## About this exercise
Beginning with the line that mentions "using pendant_starD(6)[OF assms(1)]", reproduce every line through the last line of the entries, exactly, and only those.

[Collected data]
┌──
text \<open>\<open>E \<union> (\<lambda>l. {l, u}) ` L\<close> hangs the new leaves \<open>L\<close> on the leaf \<open>u\<close> of \<open>E\<close>,
  whose only neighbour is \<open>y\<close>.\<close>
definition pendant_star :: "'a set set \<Rightarrow> 'a \<Rightarrow> 'a \<Rightarrow> 'a set \<Rightarrow> bool" where
  "pendant_star E u y L \<longleftrightarrow> finite L \<and> L \<noteq> {} \<and> u \<noteq> y \<and> {u, y} \<in> E \<and>
     (\<forall>e\<in>E. u \<in> e \<longrightarrow> e = {u, y}) \<and> (\<forall>l\<in>L. \<forall>e\<in>E. l \<notin> e)"

lemma pendant_starD:
  assumes "pendant_star E u y L"
  shows "finite L" "L \<noteq> {}" "u \<noteq> y" "{u, y} \<in> E"
    and "e \<in> E \<Longrightarrow> u \<in> e \<Longrightarrow> e = {u, y}" "l \<in> L \<Longrightarrow> e \<in> E \<Longrightarrow> l \<notin> e"
    and "u \<notin> L" "y \<notin> L"
proof -
  show "finite L" "L \<noteq> {}" "u \<noteq> y" "{u, y} \<in> E"
    and "e \<in> E \<Longrightarrow> u \<in> e \<Longrightarrow> e = {u, y}" "l \<in> L \<Longrightarrow> e \<in> E \<Longrightarrow> l \<notin> e"
    using assms unfolding pendant_star_def by simp_all
  show "u \<notin> L" "y \<notin> L"
    using assms unfolding pendant_star_def by (metis insertCI)+
qed

lemma pendant_star_Diff_leaves:
  assumes "simple_graph V E" "{u, y} \<in> E" "u \<noteq> y" "finite L" "L \<noteq> {}"
    and "L = {z. {z, u} \<in> E \<and> z \<noteq> y}" "\<And>l. l \<in> L \<Longrightarrow> {e \<in> E. l \<in> e} = {{l, u}}"
  shows "pendant_star (E - (\<lambda>l. {l, u}) ` L) u y L"
proof -
  let ?E' = "E - (\<lambda>l. {l, u}) ` L"
  have "{u, y} \<in> ?E'"
    using assms(2,3,6) by (auto simp: doubleton_eq_iff)
  moreover have "e = {u, y}" if e: "e \<in> ?E'" "u \<in> e" for e
  proof -
    have "e \<in> E" "e \<notin> (\<lambda>l. {l, u}) ` L"
      using e(1) by blast+
    moreover obtain z where "e = {u, z}"
      using simple_graph_edge_other_end[OF assms(1) \<open>e \<in> E\<close> e(2)] by blast
    ultimately have "{z, u} \<in> E" "z \<notin> L"
      by (auto simp: insert_commute)
    then have "z = y"
      using assms(6) by blast
    with \<open>e = {u, z}\<close> show ?thesis
      by simp
  qed
  moreover have "\<forall>l\<in>L. \<forall>e\<in>?E'. l \<notin> e"
    using assms(7) by blast
  ultimately show ?thesis
    unfolding pendant_star_def using assms(3-5) by blast
qed

lemma forest_pendant_star:
  assumes "simple_graph V E" "acyclic_graph V E" "no_isolated_edge E" "E \<noteq> {}"
  obtains E' u y L where "pendant_star E' u y L" "E = E' \<union> (\<lambda>l. {l, u}) ` L"
proof -
  obtain p where p: "longest_path V E p" "length p \<ge> 2"
    using longest_path_exists[OF assms(1,4)] by blast
  then have "length p \<ge> 3"
    using longest_path_length_ge_3[OF assms(1-3)] by blast
  have walk: "is_walk V E p" "distinct p"
    using p(1) unfolding longest_path_def by auto
  define u where "u = p ! 1"
  define y where "y = p ! 2"
  define L where "L = {z. {z, u} \<in> E \<and> z \<noteq> y}"
  have leaves: "{e \<in> E. l \<in> e} = {{l, u}}" if "l \<in> L" for l
    using longest_path_second_vertex_leaves[OF assms(1,2) p(1) \<open>length p \<ge> 3\<close>] that
    unfolding L_def u_def y_def by blast
  have "u \<noteq> y"
    using walk(2) \<open>length p \<ge> 3\<close> unfolding u_def y_def by (subst nth_eq_iff_index_eq) auto
  have "{p ! 1, p ! Suc 1} \<in> E" "{p ! 0, p ! Suc 0} \<in> E"
    using walk(1) \<open>length p \<ge> 3\<close> unfolding is_walk_def by auto
  then have "{u, y} \<in> E" "{p ! 0, u} \<in> E"
    unfolding u_def y_def by (simp_all add: numeral_2_eq_2)
  moreover have "p ! 0 \<noteq> y"
    using walk(2) \<open>length p \<ge> 3\<close> unfolding y_def by (subst nth_eq_iff_index_eq) auto
  ultimately have "L \<noteq> {}"
    unfolding L_def by blast
  have "L \<subseteq> V"
    unfolding L_def using simple_graph_edgeD[OF assms(1)] by blast
  then have "finite L"
    using assms(1) finite_subset unfolding simple_graph_def by blast
  have "pendant_star (E - (\<lambda>l. {l, u}) ` L) u y L"
    using pendant_star_Diff_leaves[OF assms(1) \<open>{u, y} \<in> E\<close> \<open>u \<noteq> y\<close> \<open>finite L\<close>
        \<open>L \<noteq> {}\<close> L_def leaves] .
  moreover have "E = (E - (\<lambda>l. {l, u}) ` L) \<union> (\<lambda>l. {l, u}) ` L"
    unfolding L_def by auto
  ultimately show thesis
    by (rule that)
qed

lemma pendant_star_card_less:
  assumes "pendant_star E u y L" "finite (E \<union> (\<lambda>l. {l, u}) ` L)"
  shows "card E < card (E \<union> (\<lambda>l. {l, u}) ` L)"
proof -
  obtain l where "l \<in> L"
    using pendant_starD(2)[OF assms(1)] by blast
  then have "{l, u} \<notin> E"
    using pendant_starD(6)[OF assms(1)] by blast
  with \<open>l \<in> L\<close> have "E \<subset> E \<union> (\<lambda>l. {l, u}) ` L"
    by blast
  then show ?thesis
    by (rule psubset_card_mono[OF assms(2)])
qed

text \<open>An edge of \<open>E\<close> other than \<open>{u, y}\<close> avoids \<open>u\<close> and \<open>L\<close>, so its neighbouring edges lie in \<open>E\<close>.\<close>
lemma pendant_star_neighbour_edge:
  assumes "no_isolated_edge (E \<union> (\<lambda>l. {l, u}) ` L)" "pendant_star E u y L"
    and "e \<in> E" "e \<noteq> {u, y}"
  obtains e' where "e' \<in> E" "e' \<noteq> e" "e \<inter> e' \<noteq> {}"
proof -
  obtain e' where e': "e' \<in> E \<union> (\<lambda>l. {l, u}) ` L" "e' \<noteq> e" "e \<inter> e' \<noteq> {}"
    using assms(1,3) unfolding no_isolated_edge_def by blast
  have "u \<notin> e" "\<forall>l\<in>L. l \<notin> e"
    using pendant_starD(5,6)[OF assms(2)] assms(3,4) by blast+
  with e' have "e' \<in> E"
    by blast
  with e' show thesis
    using that by blast
qed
└──
## Answer to the problem
    using pendant_starD(6)[OF assms(1)] by blast
  with \<open>l \<in> L\<close> have "E \<subset> E \<union> (\<lambda>l. {l, u}) ` L"
    by blast
  then show ?thesis
    by (rule psubset_card_mono[OF assms(2)])
qed

text \<open>An edge of \<open>E\<close> other than \<open>{u, y}\<close> avoids \<open>u\<close> and \<open>L\<close>, so its neighbouring edges lie in \<open>E\<close>.\<close>
lemma pendant_star_neighbour_edge:
  assumes "no_isolated_edge (E \<union> (\<lambda>l. {l, u}) ` L)" "pendant_star E u y L"
    and "e \<in> E" "e \<noteq> {u, y}"
  obtains e' where "e' \<in> E" "e' \<noteq> e" "e \<inter> e' \<noteq> {}"
proof -
  obtain e' where e': "e' \<in> E \<union> (\<lambda>l. {l, u}) ` L" "e' \<noteq> e" "e \<inter> e' \<noteq> {}"
    using assms(1,3) unfolding no_isolated_edge_def by blast
  have "u \<notin> e" "\<forall>l\<in>L. l \<notin> e"
    using pendant_starD(5,6)[OF assms(2)] assms(3,4) by blast+
  with e' have "e' \<in> E"
    by blast
  with e' show thesis
    using that by blast
qed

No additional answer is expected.